Exercise goal: Where the string "proof" occurs in a line of the data below, that line should be copied.
-*-*-
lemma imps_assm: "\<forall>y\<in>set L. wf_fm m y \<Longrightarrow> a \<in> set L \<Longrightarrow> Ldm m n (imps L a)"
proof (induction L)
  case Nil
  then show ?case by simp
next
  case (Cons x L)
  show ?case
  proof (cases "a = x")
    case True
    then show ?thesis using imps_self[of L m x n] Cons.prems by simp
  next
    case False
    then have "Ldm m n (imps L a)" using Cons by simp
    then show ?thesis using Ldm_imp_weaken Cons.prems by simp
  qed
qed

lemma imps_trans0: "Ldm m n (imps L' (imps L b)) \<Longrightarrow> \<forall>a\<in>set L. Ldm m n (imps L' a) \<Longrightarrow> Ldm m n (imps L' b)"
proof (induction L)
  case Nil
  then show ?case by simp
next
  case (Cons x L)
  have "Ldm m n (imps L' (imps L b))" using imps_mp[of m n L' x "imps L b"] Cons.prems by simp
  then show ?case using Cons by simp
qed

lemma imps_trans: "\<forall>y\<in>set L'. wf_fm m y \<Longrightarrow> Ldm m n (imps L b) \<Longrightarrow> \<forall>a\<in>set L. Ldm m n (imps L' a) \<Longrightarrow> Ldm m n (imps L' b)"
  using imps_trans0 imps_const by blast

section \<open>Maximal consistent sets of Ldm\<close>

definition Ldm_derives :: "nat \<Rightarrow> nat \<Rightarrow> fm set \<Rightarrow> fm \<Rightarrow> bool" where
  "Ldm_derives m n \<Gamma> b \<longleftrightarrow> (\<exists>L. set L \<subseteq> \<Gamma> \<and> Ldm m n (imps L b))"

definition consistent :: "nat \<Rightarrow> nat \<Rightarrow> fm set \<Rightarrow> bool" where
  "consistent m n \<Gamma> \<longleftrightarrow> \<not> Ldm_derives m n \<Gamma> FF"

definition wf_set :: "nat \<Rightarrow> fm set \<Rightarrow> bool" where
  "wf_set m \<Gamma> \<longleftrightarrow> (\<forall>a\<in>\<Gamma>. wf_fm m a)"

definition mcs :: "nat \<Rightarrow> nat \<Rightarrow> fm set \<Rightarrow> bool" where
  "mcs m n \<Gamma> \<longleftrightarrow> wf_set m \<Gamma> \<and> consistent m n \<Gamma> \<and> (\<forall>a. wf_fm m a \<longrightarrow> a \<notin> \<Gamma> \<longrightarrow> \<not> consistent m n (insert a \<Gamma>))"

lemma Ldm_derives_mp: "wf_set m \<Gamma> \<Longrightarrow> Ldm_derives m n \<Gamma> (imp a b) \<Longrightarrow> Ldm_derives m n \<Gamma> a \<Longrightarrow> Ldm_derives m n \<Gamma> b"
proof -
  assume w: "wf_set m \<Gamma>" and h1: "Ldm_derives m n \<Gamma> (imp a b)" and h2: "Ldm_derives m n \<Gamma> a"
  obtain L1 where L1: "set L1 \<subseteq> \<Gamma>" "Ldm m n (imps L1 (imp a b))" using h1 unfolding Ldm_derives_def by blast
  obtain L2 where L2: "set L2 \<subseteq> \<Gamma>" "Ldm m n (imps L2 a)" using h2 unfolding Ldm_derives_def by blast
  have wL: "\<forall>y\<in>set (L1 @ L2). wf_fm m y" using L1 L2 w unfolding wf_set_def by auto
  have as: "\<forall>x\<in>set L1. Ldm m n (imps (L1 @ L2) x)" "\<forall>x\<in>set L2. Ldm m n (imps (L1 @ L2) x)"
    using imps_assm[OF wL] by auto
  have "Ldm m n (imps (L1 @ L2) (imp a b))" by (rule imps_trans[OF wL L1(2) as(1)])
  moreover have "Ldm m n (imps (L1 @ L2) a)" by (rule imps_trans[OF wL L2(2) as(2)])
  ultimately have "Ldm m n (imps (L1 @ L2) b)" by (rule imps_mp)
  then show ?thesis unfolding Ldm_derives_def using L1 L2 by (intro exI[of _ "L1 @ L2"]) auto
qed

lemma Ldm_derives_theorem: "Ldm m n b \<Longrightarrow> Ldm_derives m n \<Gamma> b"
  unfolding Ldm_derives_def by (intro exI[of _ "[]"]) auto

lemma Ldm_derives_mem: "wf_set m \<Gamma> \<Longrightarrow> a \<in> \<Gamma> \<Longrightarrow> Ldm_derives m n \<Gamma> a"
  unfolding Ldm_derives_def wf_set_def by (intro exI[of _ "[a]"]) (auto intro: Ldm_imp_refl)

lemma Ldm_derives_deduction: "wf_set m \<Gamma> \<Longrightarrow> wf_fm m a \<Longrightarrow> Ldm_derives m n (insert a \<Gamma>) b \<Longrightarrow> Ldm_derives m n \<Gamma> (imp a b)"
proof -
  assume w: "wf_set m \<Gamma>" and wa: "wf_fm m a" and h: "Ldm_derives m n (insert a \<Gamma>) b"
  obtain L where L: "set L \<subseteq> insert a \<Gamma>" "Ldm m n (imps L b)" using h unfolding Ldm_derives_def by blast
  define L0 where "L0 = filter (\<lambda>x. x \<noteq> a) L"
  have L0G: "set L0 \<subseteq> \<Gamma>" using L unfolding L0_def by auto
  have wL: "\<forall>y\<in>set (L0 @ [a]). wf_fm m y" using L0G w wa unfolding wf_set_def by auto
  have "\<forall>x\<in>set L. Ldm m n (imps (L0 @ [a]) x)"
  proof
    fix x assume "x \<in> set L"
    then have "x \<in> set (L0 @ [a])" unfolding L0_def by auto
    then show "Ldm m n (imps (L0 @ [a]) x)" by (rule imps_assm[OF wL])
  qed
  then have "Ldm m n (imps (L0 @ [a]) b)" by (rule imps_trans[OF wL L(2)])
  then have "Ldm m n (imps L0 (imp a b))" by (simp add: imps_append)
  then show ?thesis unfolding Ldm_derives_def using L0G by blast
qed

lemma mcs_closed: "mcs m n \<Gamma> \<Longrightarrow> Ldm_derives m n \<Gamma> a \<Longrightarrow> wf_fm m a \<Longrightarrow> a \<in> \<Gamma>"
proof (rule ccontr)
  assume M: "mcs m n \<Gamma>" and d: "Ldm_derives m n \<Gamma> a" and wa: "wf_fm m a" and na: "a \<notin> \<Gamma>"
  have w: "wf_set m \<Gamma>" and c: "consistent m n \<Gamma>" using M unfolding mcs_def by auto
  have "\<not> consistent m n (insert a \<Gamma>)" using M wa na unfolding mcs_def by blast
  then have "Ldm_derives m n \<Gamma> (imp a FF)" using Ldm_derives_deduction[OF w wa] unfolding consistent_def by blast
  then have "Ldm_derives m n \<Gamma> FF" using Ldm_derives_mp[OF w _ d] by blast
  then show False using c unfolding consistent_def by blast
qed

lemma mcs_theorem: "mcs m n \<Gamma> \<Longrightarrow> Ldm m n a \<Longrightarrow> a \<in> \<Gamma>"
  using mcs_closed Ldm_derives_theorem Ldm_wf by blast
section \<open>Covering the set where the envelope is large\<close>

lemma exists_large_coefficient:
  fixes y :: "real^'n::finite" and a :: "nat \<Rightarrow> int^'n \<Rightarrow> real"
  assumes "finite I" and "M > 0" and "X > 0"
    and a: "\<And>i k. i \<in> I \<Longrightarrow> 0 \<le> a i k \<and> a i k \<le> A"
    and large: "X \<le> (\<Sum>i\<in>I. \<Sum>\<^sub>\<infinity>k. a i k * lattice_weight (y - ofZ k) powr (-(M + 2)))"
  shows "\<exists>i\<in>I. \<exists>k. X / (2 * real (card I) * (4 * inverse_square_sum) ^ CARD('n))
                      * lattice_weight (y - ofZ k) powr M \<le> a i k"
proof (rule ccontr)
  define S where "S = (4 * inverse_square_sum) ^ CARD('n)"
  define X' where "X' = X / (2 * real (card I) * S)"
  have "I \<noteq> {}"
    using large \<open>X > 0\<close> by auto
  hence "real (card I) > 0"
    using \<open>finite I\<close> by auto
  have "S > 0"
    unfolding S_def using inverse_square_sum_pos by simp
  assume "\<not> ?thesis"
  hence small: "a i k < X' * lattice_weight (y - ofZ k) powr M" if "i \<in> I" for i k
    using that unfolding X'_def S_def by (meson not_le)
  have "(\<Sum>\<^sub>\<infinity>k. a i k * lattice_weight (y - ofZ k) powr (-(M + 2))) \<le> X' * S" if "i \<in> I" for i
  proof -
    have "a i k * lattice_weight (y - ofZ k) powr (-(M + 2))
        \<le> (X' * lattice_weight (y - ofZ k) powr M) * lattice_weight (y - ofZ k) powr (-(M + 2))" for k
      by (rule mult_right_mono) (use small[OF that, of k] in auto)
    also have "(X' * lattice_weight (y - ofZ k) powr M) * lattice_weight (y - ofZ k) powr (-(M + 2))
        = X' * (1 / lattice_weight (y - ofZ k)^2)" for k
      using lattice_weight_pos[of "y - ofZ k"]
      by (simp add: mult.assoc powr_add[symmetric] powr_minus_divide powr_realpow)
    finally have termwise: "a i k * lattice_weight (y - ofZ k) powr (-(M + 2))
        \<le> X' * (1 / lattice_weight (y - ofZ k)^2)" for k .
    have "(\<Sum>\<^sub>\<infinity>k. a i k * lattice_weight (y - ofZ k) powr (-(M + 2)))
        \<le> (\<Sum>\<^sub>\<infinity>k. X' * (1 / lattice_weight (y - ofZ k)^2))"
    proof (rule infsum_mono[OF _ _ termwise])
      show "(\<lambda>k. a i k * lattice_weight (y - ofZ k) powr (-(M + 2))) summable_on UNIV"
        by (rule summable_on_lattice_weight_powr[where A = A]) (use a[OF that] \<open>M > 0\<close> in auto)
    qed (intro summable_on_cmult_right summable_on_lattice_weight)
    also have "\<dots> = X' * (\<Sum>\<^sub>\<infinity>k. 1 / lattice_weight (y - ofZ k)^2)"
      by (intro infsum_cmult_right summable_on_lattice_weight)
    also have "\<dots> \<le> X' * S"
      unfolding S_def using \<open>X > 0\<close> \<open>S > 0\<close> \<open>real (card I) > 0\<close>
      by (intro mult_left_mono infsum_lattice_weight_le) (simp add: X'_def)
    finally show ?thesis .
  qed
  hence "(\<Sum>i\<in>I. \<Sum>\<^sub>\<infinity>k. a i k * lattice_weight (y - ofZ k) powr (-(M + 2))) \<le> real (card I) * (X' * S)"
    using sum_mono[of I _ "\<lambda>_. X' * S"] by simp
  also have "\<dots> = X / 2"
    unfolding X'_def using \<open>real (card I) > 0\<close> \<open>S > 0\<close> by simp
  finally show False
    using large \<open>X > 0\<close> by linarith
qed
-*-*-
Exercise solution:
proof (induction L)
  proof (cases "a = x")
proof (induction L)
proof -
proof -
  proof
proof (rule ccontr)
proof (rule ccontr)
  proof -
    proof (rule infsum_mono[OF _ _ termwise])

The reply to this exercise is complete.